POJ 1330 Nearest Common Ancestors（LCA 在线算法）

Description
A rooted tree is a well-known data structure in computer science and engineering. An example is shown below:



In the figure, each node is labeled with an integer from {1, 2,...,16}. Node 8 is the root of the tree. Node x is an ancestor of node y if node x is in the path between the root and node y. For example, node 4 is an ancestor of node 16. Node 10 is also an ancestor
of node 16. As a matter of fact, nodes 8, 4, 10, and 16 are the ancestors of node 16. Remember that a node is an ancestor of itself. Nodes 8, 4, 6, and 7 are the ancestors of node 7. A node x is called a common ancestor of two different nodes y and z if node
x is an ancestor of node y and an ancestor of node z. Thus, nodes 8 and 4 are the common ancestors of nodes 16 and 7. A node x is called the nearest common ancestor of nodes y and z if x is a common ancestor of y and z and nearest to y and z among their common
ancestors. Hence, the nearest common ancestor of nodes 16 and 7 is node 4. Node 4 is nearer to nodes 16 and 7 than node 8 is.

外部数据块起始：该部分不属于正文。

lemma mh_cont_util_Suc_0:
  assumes "i \<in> M"
  shows "mh_cont_util fee M pw \<sigma> i (Suc 0) h = pw i * fee (\<sigma> i h)"
proof -
  have "mh_cont_util fee M pw \<sigma> i (Suc 0) h
      = (\<Sum>m\<in>M. pw m * ((if m = i then fee (\<sigma> i h) else 0) + 0))"
    by (auto intro: sum.cong)
  then show ?thesis
    using sum_pw_own_term[OF assms, of "fee (\<sigma> i h)" 0] by simp
qed

definition greedy :: "'m mh_hist \<Rightarrow> mh_action" where
  "greedy h = (if Suc (length h) = T
      then (if dep_pending h \<and> fB < fA then Incl_Dep else Incl_Col)
      else if dep_pending h \<and> j \<le> Suc (length h) then Incl_Dep else Unrelated)"

(* Greedy fees per unit of mining power with n rounds left: tx_A at once (with one round left
   only the larger of fA, fB), tx_B in round T, f otherwise; j <= T - 1 makes tx_A available
   in time. *)
definition greedy_value :: "nat \<Rightarrow> bool \<Rightarrow> real" where
  "greedy_value n pending = (if n = 0 then 0
     else if pending then (if n = 1 then max fA fB else fA + real (n - 2) * f + fB)
     else real (n - 1) * f + fB)"

abbreviation deviate :: "'m \<Rightarrow> ('m mh_hist \<Rightarrow> mh_action) \<Rightarrow> 'm \<Rightarrow> 'm mh_hist \<Rightarrow> mh_action" where
  "deviate i \<tau> \<equiv> (\<lambda>_. greedy)(i := \<tau>)"

lemma greedy_avail:
  assumes "mh_valid_hist M T j h" "length h < T"
  shows "mh_avail T j h (greedy h)"
  using Incl_Col_notin_valid_hist[OF assms] j_le by (auto simp: greedy_def mh_avail_def)

lemma mh_valid_strategy_greedy: "mh_valid_strategy M T j greedy"
  unfolding mh_valid_strategy_def using greedy_avail by blast

lemma deviate_avail:
  assumes "mh_valid_strategy M T j \<tau>" "mh_valid_hist M T j h" "length h < T"
  shows "mh_avail T j h (deviate i \<tau> m h)"
  using assms greedy_avail unfolding mh_valid_strategy_def by auto

lemma greedy_value_step:
  assumes "length h < T"
  shows "fee (greedy h) + greedy_value (T - Suc (length h)) (dep_pending (h @ [(m, greedy h)]))
    = greedy_value (T - length h) (dep_pending h)"
proof -
  consider "Suc (length h) = T" | "Suc (Suc (length h)) = T" | "Suc (Suc (length h)) < T"
    using assms by linarith
  then show ?thesis
  proof cases
    case 3
    then obtain k where k: "T = length h + k + 3"
      by (intro that[of "T - length h - 3"]) simp
    show ?thesis
      unfolding greedy_def greedy_value_def mh_fee_def using k by (simp add: ring_distribs)
  qed (use j_le in \<open>auto simp: greedy_def greedy_value_def mh_fee_def max_def\<close>)
qed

For other examples, the nearest common ancestor of nodes 2 and 3 is node 10, the nearest common ancestor of nodes 6 and 13 is node 8, and the nearest common ancestor of nodes 4 and 12 is node 4. In the last example, if y is an ancestor of z, then the nearest
common ancestor of y and z is y.

Write a program that finds the nearest common ancestor of two distinct nodes in a tree.

Input
The input consists of T test cases. The number of test cases (T) is given in the first line of the input file. Each test case starts with a line containing an integer N , the number of nodes in a tree,
2<=N<=10,000. The nodes are labeled with integers 1, 2,..., N. Each of the next N -1 lines contains a pair of integers that represent an edge --the first integer is the parent node of the second integer. Note that a tree with N nodes has exactly N - 1 edges.
The last line of each test case contains two distinct integers whose nearest common ancestor is to be computed.
Output
Print exactly one line for each test case. The line should contain the integer that is the nearest common ancestor.
Sample Input

2
16
1 14
8 5
10 16
5 9
4 6
8 4
4 10
1 13
6 15
10 11
6 7
10 2
16 3
8 1
16 12
16 7
5
2 3
3 4
3 1
1 5
3 5

Sample Output

4
3

题目大意：找最近公共祖先。
这里使用在线算法，用到了ST表。先对树进行一次 DFS 记录每个点的深度和 DFS 序（DFS 序要记录深搜的路径，有的点可能出现多次）以及每个点第一次在 DFS 序中出现的位置。任意两点的最近公共祖先即为这两个点在 DFS 序中第一次出现的位置之间深度最小的点，这里可以用 ST 表快速查询区间最值。
代码：

#include<cstdio>
#include<cstring>
#include<vector>
#include<algorithm>
using namespace std;
const int maxn = 1e4 + 5;
int n;
vector<int> v[maxn];
int in[maxn];
int pos[maxn],dfs[maxn << 1],depth[maxn];
int st[maxn << 1][20];
int dfs_size;
void Init()
{
dfs_size = 0;
for(int i = 1;i <= n; ++i)
{
in[i] = 0;
v[i].clear();
}
}
int DFS(int x,int d)
{
depth[x] = d;
dfs[dfs_size] = x;
pos[x] = dfs_size++;
int len = v[x].size();
for(int i = 0;i < len; ++i)
{
int u = v[x][i];
DFS(u,d + 1);
dfs[dfs_size++] = x;
}
}
void ST()
{
int len = dfs_size;
for(int i = 0;i < len; ++i) st[i][0] = dfs[i];
for(int j = 1;(1 << j) <= len; ++j)
{
for(int i = 0;i + (1 << j) - 1 < len; ++i)
{
int l = st[i][j - 1],r = st[i + (1 << (j - 1))][j - 1];
st[i][j] = depth[l] < depth[r] ? l : r;
}
}
}
int LCA(int x,int y)
{
x = pos[x],y = pos[y];
if(x > y) swap(x,y);
int k = 0;
while((1 << (k + 1)) <= y - x + 1) ++k;
int a = st[x][k],b = st[y - (1 << k) + 1][k];
return depth[a] < depth[b] ? a : b;
}
int main()
{
int t,root;
scanf("%d",&t);
while(t--)
{
Init();
scanf("%d",&n);
int x,y;
for(int i = 1;i < n; ++i)
{
scanf("%d %d",&x,&y);
v[x].push_back(y);
in[y]++;
}
for(int i = 1;i <= n; ++i)
{
if(!in[i])
{
root = i;
break;
}
}
DFS(root,1);
ST();
int a,b;
scanf("%d %d",&a,&b);
printf("%d\n",LCA(a,b));
}
return 0;
}